Jadhao Samadhan J, Lee Chang-Won, Sylte Matt, Suarez David L
Southeast Poultry Research Laboratory, Agricultural Research Service, United States Department of Agriculture, 934 College Station Road, Athens, GA 30605, USA.
Vaccine. 2009 Oct 19;27(44):6247-60. doi: 10.1016/j.vaccine.2009.07.110. Epub 2009 Aug 15.

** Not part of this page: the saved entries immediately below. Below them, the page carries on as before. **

(* Let $q \geq 3$ be an integer, let $p$ be a prime with $p \geq q$, and let $r$ be a power of $p$. Let $\omega_0, \omega_1, \ldots, \omega_{q-1}$ be nonnegative integers with $\omega_0 + \omega_1 + \cdots + \omega_{q-1} = r$. Then for every integer $d_0$ with $1 \leq d_0 \leq r-2$, there exists a $q$-ary constant-composition code $C \subseteq V_{r,[\omega_0,\ldots,\omega_{q-1}]}(q)$ with minimum Hamming distance at least $\mu_p(d_0)+2$ and with $$|C| \;\geq\; \binom{r}{\omega_0,\omega_1,\ldots,\omega_{q-1}} \Big/ r^{d_0-1},$$ where $\binom{r}{\omega_0,\ldots,\omega_{q-1}} = \frac{r!}{\omega_0!\,\omega_1!\cdots\omega_{q-1}!}$ is the multinomial coefficient.
   Context: Let $\mathbb{Z}_q = \{0,1,\ldots,q-1\}$ and let $\mathbb{Z}_q^n$ be the set of $n$-tuples over $\mathbb{Z}_q$. For nonnegative integers $\omega_0,\ldots,\omega_{q-1}$ with sum $n$, $V_{n,[\omega_0,\ldots,\omega_{q-1}]}(q)$ denotes the set of $n$-tuples over $\mathbb{Z}_q$ in which, for each $j \in \{0,\ldots,q-1\}$, the symbol $j$ occurs exactly $\omega_j$ times. A $q$-ary constant-composition code with composition $[\omega_0,\ldots,\omega_{q-1}]$ is a subset of $V_{n,[\omega_0,\ldots,\omega_{q-1}]}(q)$; its minimum distance is the minimum Hamming distance between distinct codewords. For a prime $p$ and positive integer $e$, define $\mu_p(e) = e$ if $p \mid e$, and $\mu_p(e) = e-1$ otherwise. *)

theory Defs
  imports Complex_Main "HOL-Library.FuncSet" "HOL-Computational_Algebra.Primes"
begin

text \<open>Words of length n over Z_q are represented as functions nat => nat that map
  {..<n} into {..<q} and are 0 (undefined) outside {..<n} (extensional functions).\<close>

definition const_comp_words :: "nat \<Rightarrow> nat \<Rightarrow> (nat \<Rightarrow> nat) \<Rightarrow> (nat \<Rightarrow> nat) set" where
  "const_comp_words q n \<omega> =
     {x \<in> {..<n} \<rightarrow>\<^sub>E {..<q}. \<forall>j<q. card {i \<in> {..<n}. x i = j} = \<omega> j}"

definition hamming_dist :: "nat \<Rightarrow> (nat \<Rightarrow> nat) \<Rightarrow> (nat \<Rightarrow> nat) \<Rightarrow> nat" where
  "hamming_dist n x y = card {i \<in> {..<n}. x i \<noteq> y i}"

definition min_dist_at_least :: "nat \<Rightarrow> (nat \<Rightarrow> nat) set \<Rightarrow> nat \<Rightarrow> bool" where
  "min_dist_at_least n C D \<longleftrightarrow> (\<forall>x\<in>C. \<forall>y\<in>C. x \<noteq> y \<longrightarrow> D \<le> hamming_dist n x y)"

definition mu :: "nat \<Rightarrow> nat \<Rightarrow> nat" where
  "mu p e = (if p dvd e then e else e - 1)"

definition multinomial :: "nat \<Rightarrow> nat \<Rightarrow> (nat \<Rightarrow> nat) \<Rightarrow> real" where
  "multinomial q r \<omega> = fact r / (\<Prod>j<q. fact (\<omega> j))"

end

theory Submission
  imports Defs "HOL-Algebra.Algebraic_Closure" "HOL-Number_Theory.Residues"
begin

text \<open>
  Let \<open>F\<close> be the field with \<open>r = p^k\<close> elements, listed as \<open>e\<^sub>0, \<dots>, e\<^bsub>r-1\<^esub>\<close>, and read the
  symbols \<open>0, \<dots>, q - 1\<close> as elements of the prime field (this needs \<open>q \<le> p\<close>). A word \<open>x\<close>
  has syndromes \<open>s\<^sub>t(x) = \<Sum>\<^sub>i x\<^sub>i e\<^sub>i\<^sup>t \<in> F\<close>, and \<open>s\<^sub>0(x)\<close> only depends on the composition of \<open>x\<close>.
  Sorting the words of a fixed composition by \<open>(s\<^sub>1, \<dots>, s\<^bsub>d\<^sub>0-1\<^esub>) \<in> F\<^bsup>d\<^sub>0-1\<^esup>\<close>, some class \<open>C\<close>
  contains at least a fraction \<open>1/r\<^bsup>d\<^sub>0-1\<^esup>\<close> of them. For \<open>x \<noteq> x'\<close> in \<open>C\<close> the difference
  \<open>z = x - x'\<close> satisfies \<open>\<Sum>\<^sub>i z\<^sub>i e\<^sub>i\<^sup>t = 0\<close> for \<open>t < d\<^sub>0\<close>, and, since \<open>z\<^sub>i\<^sup>p = z\<^sub>i\<close>, taking a
  \<open>p\<close>-th power shows this also for \<open>t = d\<^sub>0\<close> when \<open>p\<close> divides \<open>d\<^sub>0\<close>. A nonzero vector with
  \<open>N\<close> vanishing power sums at distinct points has more than \<open>N\<close> nonzero entries (Vandermonde),
  whence the distance bound \<open>\<mu>\<^sub>p(d\<^sub>0) + 2\<close>.

  The field \<open>F\<close> is the set of roots of \<open>X\<^sup>r - X\<close> in an algebraic closure of \<open>\<int>/p\<close>. There
  are \<open>r\<close> of them: as \<open>x \<mapsto> x\<^sup>r\<close> is additive, \<open>X\<^sup>r - X\<close> is invariant under translation by
  any of its roots, which rules out a double root over an infinite field.
\<close>

hide_const (open) Divisibility.prime

section \<open>Counting constant-composition words\<close>

definition const_comp_words_on :: "nat set \<Rightarrow> nat \<Rightarrow> (nat \<Rightarrow> nat) \<Rightarrow> (nat \<Rightarrow> nat) set" where
  "const_comp_words_on I q \<omega> = {x \<in> I \<rightarrow>\<^sub>E {..<q}. \<forall>j<q. card {i \<in> I. x i = j} = \<omega> j}"

lemma const_comp_words_eq_on: "const_comp_words q n \<omega> = const_comp_words_on {..<n} q \<omega>"
  by (simp add: const_comp_words_def const_comp_words_on_def)

lemma finite_const_comp_words_on: "finite I \<Longrightarrow> finite (const_comp_words_on I q \<omega>)"
  unfolding const_comp_words_on_def
  by (rule finite_subset[OF _ finite_PiE[of I "\<lambda>_. {..<q}"]]) auto

lemma sum_const_comp_word:
  assumes "finite I" "x \<in> const_comp_words_on I q \<omega>"
  shows "(\<Sum>i\<in>I. x i) = (\<Sum>j<q. j * \<omega> j)"
proof -
  have img: "x ` I \<subseteq> {..<q}"
    using assms by (auto simp: const_comp_words_on_def PiE_def Pi_def)
  have "(\<Sum>i\<in>I. x i) = (\<Sum>j<q. \<Sum>i\<in>{i\<in>I. x i = j}. x i)"
    using sum.group[OF assms(1) _ img, of x] by simp
  also have "\<dots> = (\<Sum>j<q. j * card {i\<in>I. x i = j})"
    by (intro sum.cong) simp_all
  also have "\<dots> = (\<Sum>j<q. j * \<omega> j)"
    using assms(2) by (intro sum.cong) (simp_all add: const_comp_words_on_def)
  finally show ?thesis .
qed

definition place_symbol :: "nat \<Rightarrow> nat set \<times> (nat \<Rightarrow> nat) \<Rightarrow> nat \<Rightarrow> nat" where
  "place_symbol j = (\<lambda>(A, y) i. if i \<in> A then j else y i)"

Highly pathogenic (HP) H5N1 avian influenza has become endemic in several countries in Asia and Africa, and vaccination is being widely used as a control tool. However, there is a need for efficacious vaccines preferably utilizing a DIVA (differentiate infected from vaccinated animals) marker strategy to allow for improved surveillance of influenza in vaccinated poultry. Using a reverse genetics approach, we generated Asian rgH5N9 vaccine strain deriving the hemagglutinin gene from A/chicken/Indonesia/7/2003 (H5N1) with modification of the cleavage site to be low pathogenic (LP) and N9 neuraminidase gene from the North American LP A/turkey/Wisconsin/1968 (H5N9) virus. The recombinant rgH5N9, A/turkey/Wisconsin/1968 (H5N9) A/chicken/Hidalgo/232/1994 (H5N2), and wild type HP A/chicken/Indonesia/7/2003 (H5N1) viruses were used to prepare inactivated oil-emulsified whole virus vaccines. Two weeks after vaccination, chickens were challenged with either Asian HP H5N1 viruses, A/chicken/Indonesia/7/2003 (W.H.O. clade 2.1) or A/chicken/Supranburi Thailand/2/2004 (W.H.O. clade 1.0). The H5 HA1 of the North American vaccine strains exhibited 12% amino acid differences including amino acid changes in the major antigenic sites as compared to the Asian HP H5N1 challenge viruses, serologically exhibited substantial antigenic difference, but still provided 100% protection from mortality. However, challenge virus shedding was significantly higher in chickens immunized with antigenically distinct American lineage vaccines as compared to the antigenically matched Asian rgH5N9 and the wild type Asian H5N1 vaccine. The antibody response to the heterologous subtype neuraminidase proteins were discriminated in vaccinated and infected chickens using a rapid fluorescent 2'-(4-methylumbelliferyl)-alpha-d-N-acetylneuraminic acid sodium salt as substrate for neuraminidase inhibition assay. This study demonstrates the value of using a vaccine containing antigenically matched H5 hemagglutinin for control of HP H5N1 avian influenza in poultry and the potential utility of a heterologous neuraminidase as a DIVA marker.
高致病性(HP)H5N1禽流感已在亚洲和非洲的几个国家成为地方病,疫苗接种正被广泛用作一种控制手段。然而,需要有高效的疫苗,最好采用区分感染动物和接种动物(DIVA)的标记策略,以便更好地监测接种疫苗的家禽中的流感情况。我们采用反向遗传学方法,构建了亚洲rgH5N9疫苗株,其血凝素基因来源于A/鸡/印度尼西亚/7/2003(H5N1),并对裂解位点进行修饰使其具有低致病性(LP),神经氨酸酶基因来源于北美低致病性A/火鸡/威斯康星/1968(H5N9)病毒。用重组rgH5N9、A/火鸡/威斯康星/1968(H5N9)、A/鸡/伊达尔戈/232/1994(H5N2)以及野生型高致病性A/鸡/印度尼西亚/7/2003(H5N1)病毒制备了灭活油乳剂全病毒疫苗。接种疫苗两周后,用亚洲高致病性H5N1病毒、A/鸡/印度尼西亚/7/2003(世界卫生组织2.1分支)或A/鸡/泰国素攀武里/2/2004(世界卫生组织1.0分支)对鸡进行攻毒。与亚洲高致病性H5N1攻毒病毒相比,北美疫苗株的H5 HA1氨基酸差异达12%,包括主要抗原位点的氨基酸变化,血清学上显示出显著的抗原差异,但仍提供了100%的致死保护。然而,与抗原匹配的亚洲rgH5N9和野生型亚洲H5N1疫苗相比,用抗原性不同的美国谱系疫苗免疫的鸡的攻毒病毒排毒量显著更高。以快速荧光2'-(4-甲基伞形酮基)-α-D-N-乙酰神经氨酸钠盐作为神经氨酸酶抑制试验的底物,区分接种疫苗和感染鸡对异源亚型神经氨酸酶蛋白的抗体反应。本研究证明了使用含有抗原匹配的H5血凝素的疫苗来控制家禽高致病性H5N1禽流感的价值,以及异源神经氨酸酶作为DIVA标记物的潜在用途。